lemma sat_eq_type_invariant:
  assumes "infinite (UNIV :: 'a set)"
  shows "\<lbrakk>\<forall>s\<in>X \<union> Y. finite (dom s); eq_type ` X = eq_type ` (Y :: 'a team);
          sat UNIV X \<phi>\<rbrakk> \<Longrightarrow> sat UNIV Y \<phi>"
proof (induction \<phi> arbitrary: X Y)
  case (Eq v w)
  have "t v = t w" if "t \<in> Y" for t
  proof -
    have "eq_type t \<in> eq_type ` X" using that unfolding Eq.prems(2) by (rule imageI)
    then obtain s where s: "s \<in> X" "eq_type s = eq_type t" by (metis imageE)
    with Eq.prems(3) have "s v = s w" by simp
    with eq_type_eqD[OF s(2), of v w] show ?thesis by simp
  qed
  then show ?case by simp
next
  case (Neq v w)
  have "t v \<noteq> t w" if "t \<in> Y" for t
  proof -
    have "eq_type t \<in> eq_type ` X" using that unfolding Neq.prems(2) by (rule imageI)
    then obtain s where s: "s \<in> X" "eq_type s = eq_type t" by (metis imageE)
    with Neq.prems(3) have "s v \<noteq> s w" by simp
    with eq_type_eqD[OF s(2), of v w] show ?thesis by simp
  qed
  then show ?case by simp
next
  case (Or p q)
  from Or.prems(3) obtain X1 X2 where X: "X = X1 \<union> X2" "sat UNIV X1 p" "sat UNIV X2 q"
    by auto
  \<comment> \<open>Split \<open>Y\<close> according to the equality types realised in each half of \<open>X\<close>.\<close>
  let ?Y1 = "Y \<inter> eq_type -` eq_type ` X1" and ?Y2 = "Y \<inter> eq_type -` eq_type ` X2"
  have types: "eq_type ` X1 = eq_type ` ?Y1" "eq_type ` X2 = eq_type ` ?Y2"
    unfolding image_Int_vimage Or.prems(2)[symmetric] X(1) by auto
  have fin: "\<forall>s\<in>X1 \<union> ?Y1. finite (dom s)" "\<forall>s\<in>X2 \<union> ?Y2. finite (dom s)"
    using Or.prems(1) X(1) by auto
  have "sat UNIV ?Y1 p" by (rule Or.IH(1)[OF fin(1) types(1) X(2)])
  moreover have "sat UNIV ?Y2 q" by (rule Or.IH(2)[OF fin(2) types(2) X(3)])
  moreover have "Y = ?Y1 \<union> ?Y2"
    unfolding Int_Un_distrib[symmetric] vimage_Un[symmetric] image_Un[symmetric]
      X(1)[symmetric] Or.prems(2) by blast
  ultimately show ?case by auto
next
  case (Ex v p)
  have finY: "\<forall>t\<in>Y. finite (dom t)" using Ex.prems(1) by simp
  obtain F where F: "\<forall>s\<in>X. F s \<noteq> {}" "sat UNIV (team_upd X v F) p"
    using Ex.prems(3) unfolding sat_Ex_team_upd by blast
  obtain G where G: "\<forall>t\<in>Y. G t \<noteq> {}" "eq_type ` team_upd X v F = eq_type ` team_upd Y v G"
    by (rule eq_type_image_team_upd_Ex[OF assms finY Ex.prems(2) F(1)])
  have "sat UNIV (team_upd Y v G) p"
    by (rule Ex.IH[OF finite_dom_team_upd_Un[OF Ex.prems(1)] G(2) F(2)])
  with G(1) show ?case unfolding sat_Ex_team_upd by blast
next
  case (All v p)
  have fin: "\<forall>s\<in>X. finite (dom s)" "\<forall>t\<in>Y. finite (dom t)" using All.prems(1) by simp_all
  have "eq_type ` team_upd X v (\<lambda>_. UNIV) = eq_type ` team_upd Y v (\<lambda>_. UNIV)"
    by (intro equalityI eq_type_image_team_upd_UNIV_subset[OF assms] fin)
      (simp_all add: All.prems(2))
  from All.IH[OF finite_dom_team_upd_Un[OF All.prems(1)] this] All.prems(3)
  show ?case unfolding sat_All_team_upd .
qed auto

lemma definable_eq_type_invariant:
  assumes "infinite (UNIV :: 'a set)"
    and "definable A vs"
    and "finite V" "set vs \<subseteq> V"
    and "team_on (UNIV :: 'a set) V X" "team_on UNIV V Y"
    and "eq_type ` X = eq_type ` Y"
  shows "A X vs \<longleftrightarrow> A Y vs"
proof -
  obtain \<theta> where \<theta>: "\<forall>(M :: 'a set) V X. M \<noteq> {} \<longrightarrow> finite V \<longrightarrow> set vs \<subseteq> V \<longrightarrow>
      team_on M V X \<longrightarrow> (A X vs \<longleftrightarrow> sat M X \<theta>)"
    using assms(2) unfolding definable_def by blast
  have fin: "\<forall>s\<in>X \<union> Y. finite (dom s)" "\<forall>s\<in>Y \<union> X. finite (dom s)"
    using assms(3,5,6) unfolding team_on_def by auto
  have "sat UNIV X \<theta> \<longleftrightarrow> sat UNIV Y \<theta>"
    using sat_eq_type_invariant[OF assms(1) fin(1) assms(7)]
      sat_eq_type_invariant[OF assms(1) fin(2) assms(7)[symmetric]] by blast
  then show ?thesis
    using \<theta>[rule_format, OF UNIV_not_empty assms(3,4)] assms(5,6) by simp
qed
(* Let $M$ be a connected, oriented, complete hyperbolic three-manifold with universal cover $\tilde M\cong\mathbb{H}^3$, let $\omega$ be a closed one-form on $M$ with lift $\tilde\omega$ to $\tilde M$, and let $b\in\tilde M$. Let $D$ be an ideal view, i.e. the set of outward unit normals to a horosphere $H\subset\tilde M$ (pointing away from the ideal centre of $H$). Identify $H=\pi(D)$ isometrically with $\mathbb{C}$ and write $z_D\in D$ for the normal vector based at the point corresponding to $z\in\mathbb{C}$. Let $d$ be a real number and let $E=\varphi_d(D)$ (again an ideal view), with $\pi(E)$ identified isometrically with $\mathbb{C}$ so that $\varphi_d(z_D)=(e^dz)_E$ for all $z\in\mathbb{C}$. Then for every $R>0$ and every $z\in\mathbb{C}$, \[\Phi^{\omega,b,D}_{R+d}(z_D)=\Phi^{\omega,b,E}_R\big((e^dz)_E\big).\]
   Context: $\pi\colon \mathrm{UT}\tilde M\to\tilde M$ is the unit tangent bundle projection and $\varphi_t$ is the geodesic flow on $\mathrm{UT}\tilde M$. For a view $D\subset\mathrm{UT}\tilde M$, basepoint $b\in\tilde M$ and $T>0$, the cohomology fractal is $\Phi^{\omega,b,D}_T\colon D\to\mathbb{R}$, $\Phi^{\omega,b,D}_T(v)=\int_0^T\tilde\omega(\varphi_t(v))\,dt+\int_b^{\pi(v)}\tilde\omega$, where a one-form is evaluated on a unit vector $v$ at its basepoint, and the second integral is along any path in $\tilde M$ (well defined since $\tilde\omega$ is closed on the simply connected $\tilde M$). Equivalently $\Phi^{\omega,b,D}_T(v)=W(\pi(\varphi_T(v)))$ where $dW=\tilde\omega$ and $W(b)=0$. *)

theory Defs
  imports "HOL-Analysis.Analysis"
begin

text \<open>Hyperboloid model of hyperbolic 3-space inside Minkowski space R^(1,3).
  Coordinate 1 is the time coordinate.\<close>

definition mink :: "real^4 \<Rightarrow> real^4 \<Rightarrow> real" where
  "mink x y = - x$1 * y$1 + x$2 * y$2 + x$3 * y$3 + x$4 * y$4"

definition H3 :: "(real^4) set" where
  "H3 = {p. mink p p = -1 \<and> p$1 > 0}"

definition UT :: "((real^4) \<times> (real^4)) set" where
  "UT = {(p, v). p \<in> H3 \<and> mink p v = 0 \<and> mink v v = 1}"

* * *

Activity: Repeat, exactly as they stand above, the lines from the line with "X1 = eq_type" to the line with "fin(1) types(1) X(2)])", both lines included.

Reply:
  have types: "eq_type ` X1 = eq_type ` ?Y1" "eq_type ` X2 = eq_type ` ?Y2"
    unfolding image_Int_vimage Or.prems(2)[symmetric] X(1) by auto
  have fin: "\<forall>s\<in>X1 \<union> ?Y1. finite (dom s)" "\<forall>s\<in>X2 \<union> ?Y2. finite (dom s)"
    using Or.prems(1) X(1) by auto
  have "sat UNIV ?Y1 p" by (rule Or.IH(1)[OF fin(1) types(1) X(2)])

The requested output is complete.